Reproduce, character for character, the entries from their opening line through the line with "using linear_compose[OF linear_clifford_tensor".

━━━━━━━━━━━━━━━━

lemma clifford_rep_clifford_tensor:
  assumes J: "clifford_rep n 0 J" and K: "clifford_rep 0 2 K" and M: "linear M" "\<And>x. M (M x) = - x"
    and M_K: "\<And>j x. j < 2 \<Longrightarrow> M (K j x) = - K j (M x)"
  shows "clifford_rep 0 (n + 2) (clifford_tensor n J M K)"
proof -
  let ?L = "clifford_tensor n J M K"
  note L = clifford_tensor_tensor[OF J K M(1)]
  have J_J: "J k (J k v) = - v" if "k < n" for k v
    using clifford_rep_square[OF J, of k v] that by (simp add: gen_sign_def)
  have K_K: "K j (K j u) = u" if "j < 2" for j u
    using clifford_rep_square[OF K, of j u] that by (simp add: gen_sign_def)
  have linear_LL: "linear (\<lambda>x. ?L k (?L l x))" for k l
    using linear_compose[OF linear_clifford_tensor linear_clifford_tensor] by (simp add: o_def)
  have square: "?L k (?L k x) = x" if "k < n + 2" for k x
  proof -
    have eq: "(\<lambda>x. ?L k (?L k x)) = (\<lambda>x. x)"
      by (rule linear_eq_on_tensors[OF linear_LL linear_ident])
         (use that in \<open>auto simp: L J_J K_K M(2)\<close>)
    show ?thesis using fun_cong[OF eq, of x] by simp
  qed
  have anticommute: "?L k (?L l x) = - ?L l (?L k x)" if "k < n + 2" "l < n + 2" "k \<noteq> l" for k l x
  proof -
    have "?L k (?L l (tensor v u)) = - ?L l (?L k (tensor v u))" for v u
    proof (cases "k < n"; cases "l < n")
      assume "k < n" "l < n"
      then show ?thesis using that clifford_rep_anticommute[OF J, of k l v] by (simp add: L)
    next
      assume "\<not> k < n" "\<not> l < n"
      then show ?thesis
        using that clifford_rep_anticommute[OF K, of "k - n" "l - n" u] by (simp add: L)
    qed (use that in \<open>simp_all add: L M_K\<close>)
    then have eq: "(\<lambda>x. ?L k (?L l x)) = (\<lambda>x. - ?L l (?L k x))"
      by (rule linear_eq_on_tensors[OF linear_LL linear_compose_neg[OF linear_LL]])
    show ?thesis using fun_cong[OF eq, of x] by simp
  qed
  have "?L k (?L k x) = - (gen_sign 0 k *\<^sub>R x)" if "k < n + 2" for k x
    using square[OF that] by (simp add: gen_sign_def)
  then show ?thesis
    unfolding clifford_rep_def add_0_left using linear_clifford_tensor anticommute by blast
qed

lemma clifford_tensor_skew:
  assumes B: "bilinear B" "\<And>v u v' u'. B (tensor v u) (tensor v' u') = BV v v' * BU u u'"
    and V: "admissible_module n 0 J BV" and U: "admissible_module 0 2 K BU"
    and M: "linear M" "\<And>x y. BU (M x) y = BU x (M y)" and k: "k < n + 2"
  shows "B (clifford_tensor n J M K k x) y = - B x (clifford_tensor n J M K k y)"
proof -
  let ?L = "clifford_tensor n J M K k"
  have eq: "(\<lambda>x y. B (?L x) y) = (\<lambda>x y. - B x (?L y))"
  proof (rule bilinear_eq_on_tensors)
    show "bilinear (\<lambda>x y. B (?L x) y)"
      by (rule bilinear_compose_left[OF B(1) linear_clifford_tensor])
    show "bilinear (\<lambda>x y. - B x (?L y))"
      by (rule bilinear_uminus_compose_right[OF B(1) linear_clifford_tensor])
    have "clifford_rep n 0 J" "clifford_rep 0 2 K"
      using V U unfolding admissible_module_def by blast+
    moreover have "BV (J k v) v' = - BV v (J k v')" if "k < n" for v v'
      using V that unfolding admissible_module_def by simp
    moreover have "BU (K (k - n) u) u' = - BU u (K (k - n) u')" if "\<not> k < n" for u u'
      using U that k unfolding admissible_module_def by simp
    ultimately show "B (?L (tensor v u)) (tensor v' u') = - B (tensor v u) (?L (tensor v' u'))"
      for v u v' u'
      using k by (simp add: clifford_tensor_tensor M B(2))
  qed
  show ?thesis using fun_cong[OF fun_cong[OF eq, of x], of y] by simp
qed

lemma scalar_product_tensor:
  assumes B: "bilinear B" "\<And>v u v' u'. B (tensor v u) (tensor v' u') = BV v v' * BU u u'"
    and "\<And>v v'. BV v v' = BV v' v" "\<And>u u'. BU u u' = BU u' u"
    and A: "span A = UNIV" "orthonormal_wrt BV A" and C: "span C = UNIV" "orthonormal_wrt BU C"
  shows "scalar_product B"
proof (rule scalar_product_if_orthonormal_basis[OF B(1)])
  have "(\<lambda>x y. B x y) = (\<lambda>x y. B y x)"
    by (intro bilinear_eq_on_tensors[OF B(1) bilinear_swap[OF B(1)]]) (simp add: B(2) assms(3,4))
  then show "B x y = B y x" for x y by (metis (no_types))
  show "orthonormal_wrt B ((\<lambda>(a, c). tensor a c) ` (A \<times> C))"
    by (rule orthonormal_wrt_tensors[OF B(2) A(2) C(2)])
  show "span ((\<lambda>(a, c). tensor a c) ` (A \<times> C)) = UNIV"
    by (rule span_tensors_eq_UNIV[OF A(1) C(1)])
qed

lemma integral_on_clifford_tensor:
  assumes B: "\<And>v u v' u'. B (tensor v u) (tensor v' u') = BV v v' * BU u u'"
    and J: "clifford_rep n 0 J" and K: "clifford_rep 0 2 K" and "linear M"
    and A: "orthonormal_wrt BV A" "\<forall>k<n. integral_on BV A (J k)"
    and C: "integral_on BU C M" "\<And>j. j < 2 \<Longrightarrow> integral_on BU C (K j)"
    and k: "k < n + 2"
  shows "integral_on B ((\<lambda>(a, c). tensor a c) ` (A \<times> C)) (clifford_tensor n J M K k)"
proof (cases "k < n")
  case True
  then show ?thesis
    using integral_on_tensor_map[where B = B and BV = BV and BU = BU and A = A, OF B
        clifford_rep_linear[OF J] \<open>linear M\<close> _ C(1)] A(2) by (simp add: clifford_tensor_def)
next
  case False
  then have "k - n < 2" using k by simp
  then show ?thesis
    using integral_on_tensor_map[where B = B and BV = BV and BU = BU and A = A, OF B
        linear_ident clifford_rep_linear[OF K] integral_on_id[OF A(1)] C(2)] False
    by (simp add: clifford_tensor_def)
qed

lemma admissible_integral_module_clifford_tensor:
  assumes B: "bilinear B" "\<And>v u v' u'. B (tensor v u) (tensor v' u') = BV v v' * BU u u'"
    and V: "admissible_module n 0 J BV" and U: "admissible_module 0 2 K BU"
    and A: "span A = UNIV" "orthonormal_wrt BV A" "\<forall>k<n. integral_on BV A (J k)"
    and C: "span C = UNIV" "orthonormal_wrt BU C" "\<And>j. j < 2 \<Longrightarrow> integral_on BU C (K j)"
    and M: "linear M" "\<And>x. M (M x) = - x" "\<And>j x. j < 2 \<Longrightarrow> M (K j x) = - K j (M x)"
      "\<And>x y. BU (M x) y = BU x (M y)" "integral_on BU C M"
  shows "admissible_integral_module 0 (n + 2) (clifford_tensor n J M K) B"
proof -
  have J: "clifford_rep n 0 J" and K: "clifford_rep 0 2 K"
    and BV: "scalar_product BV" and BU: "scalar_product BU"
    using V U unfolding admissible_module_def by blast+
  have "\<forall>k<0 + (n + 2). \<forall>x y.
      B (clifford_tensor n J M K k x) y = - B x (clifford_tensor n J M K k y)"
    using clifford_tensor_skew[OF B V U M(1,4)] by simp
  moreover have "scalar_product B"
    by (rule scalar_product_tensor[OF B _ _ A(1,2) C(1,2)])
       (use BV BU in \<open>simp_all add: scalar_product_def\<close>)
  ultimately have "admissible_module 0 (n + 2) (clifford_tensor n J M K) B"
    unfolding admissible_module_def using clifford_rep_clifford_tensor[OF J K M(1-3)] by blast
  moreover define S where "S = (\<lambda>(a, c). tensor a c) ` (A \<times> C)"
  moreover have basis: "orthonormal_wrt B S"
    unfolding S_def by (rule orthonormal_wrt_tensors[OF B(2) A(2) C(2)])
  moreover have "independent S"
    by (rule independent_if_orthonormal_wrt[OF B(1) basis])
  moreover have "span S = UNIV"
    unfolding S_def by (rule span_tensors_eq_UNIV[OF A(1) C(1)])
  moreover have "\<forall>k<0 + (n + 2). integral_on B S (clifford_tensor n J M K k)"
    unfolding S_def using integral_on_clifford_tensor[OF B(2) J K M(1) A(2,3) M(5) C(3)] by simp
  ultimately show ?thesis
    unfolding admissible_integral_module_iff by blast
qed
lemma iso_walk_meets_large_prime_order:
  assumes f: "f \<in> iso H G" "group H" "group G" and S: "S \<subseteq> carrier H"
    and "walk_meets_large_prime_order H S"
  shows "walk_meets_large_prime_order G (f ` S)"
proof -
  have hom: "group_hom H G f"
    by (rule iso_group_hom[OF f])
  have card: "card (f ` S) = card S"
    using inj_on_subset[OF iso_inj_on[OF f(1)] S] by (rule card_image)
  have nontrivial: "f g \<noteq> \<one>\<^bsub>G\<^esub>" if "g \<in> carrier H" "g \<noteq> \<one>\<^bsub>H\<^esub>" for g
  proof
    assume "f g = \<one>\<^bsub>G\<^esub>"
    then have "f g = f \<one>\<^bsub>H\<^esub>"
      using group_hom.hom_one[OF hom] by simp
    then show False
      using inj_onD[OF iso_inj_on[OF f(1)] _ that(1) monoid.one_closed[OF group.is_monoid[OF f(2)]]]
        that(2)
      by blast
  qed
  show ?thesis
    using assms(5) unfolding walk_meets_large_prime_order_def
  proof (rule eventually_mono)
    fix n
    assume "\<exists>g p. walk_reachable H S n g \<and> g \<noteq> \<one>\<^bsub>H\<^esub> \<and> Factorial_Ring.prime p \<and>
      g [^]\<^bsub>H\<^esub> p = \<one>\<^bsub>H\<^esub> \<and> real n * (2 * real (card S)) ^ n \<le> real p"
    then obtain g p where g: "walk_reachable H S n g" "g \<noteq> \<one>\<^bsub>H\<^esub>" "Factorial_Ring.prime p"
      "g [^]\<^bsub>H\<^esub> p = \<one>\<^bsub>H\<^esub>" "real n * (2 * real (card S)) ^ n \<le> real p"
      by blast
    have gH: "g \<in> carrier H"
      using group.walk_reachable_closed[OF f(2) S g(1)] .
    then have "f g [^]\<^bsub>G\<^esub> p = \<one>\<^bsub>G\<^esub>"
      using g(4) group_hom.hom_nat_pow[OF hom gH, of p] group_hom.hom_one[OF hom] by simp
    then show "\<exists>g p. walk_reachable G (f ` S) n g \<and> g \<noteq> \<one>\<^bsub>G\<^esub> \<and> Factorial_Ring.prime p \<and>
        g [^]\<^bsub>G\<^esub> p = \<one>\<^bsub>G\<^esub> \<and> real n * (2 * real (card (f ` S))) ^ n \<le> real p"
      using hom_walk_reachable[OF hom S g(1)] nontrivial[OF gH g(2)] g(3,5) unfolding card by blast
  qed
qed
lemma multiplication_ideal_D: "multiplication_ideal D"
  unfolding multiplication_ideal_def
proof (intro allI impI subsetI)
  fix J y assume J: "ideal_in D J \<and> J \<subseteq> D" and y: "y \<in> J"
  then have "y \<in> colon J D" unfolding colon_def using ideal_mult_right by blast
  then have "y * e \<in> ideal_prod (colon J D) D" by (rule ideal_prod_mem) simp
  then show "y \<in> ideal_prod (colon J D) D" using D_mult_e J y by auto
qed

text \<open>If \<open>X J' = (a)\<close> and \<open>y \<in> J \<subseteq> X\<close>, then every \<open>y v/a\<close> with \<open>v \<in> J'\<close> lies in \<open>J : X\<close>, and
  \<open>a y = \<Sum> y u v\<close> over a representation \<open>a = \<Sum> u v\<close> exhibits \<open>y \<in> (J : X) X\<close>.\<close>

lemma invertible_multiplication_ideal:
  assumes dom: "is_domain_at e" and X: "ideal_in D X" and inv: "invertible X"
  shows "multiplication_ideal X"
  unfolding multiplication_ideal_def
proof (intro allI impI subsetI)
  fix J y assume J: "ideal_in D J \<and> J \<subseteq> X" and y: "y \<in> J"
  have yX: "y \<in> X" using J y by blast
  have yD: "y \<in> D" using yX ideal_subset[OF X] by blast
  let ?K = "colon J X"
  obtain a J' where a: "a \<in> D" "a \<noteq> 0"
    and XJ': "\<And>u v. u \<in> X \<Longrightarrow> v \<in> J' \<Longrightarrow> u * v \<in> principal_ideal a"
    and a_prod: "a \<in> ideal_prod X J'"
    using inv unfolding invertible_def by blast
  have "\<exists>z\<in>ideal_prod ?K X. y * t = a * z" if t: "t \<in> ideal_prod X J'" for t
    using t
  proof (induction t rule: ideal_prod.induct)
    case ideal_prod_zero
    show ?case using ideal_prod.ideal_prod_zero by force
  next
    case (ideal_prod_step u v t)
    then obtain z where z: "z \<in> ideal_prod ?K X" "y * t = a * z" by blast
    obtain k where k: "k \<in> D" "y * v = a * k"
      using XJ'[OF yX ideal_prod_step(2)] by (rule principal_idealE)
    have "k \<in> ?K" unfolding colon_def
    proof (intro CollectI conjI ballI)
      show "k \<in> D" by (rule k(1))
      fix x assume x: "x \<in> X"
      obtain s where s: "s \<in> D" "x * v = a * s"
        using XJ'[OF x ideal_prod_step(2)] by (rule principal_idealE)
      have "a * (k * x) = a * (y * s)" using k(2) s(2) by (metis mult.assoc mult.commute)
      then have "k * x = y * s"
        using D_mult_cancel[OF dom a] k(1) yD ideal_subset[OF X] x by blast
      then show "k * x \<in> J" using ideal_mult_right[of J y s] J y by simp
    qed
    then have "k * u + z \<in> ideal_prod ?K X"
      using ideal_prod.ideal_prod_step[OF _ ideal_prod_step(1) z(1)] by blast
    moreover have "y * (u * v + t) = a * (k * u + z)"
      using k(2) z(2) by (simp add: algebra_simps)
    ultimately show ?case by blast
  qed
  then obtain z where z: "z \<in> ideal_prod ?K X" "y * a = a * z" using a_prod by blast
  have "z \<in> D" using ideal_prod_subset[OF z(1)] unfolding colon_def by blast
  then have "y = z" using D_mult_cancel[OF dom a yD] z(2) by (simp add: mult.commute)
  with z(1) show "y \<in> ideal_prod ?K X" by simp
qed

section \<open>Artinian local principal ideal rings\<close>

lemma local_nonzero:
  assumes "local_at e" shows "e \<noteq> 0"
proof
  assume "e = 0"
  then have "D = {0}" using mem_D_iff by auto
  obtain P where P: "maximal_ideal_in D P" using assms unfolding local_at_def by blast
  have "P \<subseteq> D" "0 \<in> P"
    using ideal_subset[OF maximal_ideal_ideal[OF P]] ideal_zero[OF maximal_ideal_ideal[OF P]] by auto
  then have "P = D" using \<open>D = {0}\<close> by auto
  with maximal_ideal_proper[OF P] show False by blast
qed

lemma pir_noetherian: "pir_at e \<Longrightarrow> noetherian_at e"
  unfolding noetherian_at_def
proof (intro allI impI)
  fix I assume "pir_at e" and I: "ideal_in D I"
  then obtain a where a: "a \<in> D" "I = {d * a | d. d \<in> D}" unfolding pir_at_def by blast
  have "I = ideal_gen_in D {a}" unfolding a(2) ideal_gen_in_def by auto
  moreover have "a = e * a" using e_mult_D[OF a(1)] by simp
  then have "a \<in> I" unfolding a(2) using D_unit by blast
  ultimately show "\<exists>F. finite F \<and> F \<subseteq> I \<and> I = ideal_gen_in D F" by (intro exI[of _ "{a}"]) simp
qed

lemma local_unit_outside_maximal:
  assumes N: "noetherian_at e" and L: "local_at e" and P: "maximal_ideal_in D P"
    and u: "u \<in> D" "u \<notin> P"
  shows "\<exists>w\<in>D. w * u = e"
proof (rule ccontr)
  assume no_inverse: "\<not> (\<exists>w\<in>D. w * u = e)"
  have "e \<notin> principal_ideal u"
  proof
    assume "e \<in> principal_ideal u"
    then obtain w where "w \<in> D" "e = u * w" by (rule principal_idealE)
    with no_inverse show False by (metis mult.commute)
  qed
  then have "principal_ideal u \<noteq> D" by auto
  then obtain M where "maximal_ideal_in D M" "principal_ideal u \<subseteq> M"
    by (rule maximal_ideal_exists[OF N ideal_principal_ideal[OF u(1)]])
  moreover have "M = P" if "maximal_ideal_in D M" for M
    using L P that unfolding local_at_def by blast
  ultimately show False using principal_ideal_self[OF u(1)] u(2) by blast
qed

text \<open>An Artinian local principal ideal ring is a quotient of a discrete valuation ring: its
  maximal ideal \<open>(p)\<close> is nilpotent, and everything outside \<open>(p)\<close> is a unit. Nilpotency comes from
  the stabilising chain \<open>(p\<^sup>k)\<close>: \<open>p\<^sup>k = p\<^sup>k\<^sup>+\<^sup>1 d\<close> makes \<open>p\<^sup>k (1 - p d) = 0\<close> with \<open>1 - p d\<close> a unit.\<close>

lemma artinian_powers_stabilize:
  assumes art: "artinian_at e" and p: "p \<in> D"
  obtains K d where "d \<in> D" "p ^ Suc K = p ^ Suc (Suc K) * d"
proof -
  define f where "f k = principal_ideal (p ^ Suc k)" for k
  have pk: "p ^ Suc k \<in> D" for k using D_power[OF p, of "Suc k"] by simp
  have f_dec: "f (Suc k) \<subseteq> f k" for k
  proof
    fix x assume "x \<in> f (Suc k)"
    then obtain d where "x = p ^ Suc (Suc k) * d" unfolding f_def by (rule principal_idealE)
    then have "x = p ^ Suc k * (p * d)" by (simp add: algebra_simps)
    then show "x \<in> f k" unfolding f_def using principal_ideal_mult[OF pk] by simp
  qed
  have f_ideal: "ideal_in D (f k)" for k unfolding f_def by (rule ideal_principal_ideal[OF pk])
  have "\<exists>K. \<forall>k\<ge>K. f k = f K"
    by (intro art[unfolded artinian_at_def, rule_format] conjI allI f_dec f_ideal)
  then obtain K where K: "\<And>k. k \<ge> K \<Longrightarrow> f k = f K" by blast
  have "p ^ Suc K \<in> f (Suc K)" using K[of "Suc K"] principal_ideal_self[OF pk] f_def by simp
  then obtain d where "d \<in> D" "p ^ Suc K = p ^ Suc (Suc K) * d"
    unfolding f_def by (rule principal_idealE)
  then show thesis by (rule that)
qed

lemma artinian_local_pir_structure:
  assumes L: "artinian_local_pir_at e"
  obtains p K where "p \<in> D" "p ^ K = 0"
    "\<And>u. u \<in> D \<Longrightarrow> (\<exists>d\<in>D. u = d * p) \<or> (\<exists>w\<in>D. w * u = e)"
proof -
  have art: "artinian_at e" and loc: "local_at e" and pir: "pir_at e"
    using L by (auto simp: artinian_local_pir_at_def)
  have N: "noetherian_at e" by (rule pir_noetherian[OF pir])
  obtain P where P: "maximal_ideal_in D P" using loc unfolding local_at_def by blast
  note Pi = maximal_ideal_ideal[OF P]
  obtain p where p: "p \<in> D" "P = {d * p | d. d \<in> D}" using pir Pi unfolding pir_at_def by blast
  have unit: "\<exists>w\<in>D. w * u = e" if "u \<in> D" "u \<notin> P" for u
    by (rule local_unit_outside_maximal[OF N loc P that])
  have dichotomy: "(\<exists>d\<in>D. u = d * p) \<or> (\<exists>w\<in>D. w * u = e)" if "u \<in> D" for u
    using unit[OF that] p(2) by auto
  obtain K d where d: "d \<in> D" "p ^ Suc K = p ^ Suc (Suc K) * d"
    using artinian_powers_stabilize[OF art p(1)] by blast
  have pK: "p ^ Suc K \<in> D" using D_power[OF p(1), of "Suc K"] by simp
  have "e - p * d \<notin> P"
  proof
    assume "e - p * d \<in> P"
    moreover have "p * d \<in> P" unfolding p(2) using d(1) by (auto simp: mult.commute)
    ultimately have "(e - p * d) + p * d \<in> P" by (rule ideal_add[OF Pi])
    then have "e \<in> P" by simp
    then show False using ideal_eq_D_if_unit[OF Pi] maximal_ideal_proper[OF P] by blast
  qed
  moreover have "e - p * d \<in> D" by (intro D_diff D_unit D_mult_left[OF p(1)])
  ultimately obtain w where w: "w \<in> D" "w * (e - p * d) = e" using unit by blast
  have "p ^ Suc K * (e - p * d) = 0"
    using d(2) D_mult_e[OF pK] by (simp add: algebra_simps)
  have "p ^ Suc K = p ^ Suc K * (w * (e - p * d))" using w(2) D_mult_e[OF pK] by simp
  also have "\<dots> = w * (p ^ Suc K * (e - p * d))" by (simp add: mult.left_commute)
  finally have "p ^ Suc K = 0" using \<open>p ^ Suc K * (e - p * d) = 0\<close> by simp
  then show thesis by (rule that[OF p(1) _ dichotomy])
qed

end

━━━━━━━━━━━━━━━━

— ANSWER FOR THIS EXERCISE —
lemma clifford_rep_clifford_tensor:
  assumes J: "clifford_rep n 0 J" and K: "clifford_rep 0 2 K" and M: "linear M" "\<And>x. M (M x) = - x"
    and M_K: "\<And>j x. j < 2 \<Longrightarrow> M (K j x) = - K j (M x)"
  shows "clifford_rep 0 (n + 2) (clifford_tensor n J M K)"
proof -
  let ?L = "clifford_tensor n J M K"
  note L = clifford_tensor_tensor[OF J K M(1)]
  have J_J: "J k (J k v) = - v" if "k < n" for k v
    using clifford_rep_square[OF J, of k v] that by (simp add: gen_sign_def)
  have K_K: "K j (K j u) = u" if "j < 2" for j u
    using clifford_rep_square[OF K, of j u] that by (simp add: gen_sign_def)
  have linear_LL: "linear (\<lambda>x. ?L k (?L l x))" for k l
    using linear_compose[OF linear_clifford_tensor linear_clifford_tensor] by (simp add: o_def)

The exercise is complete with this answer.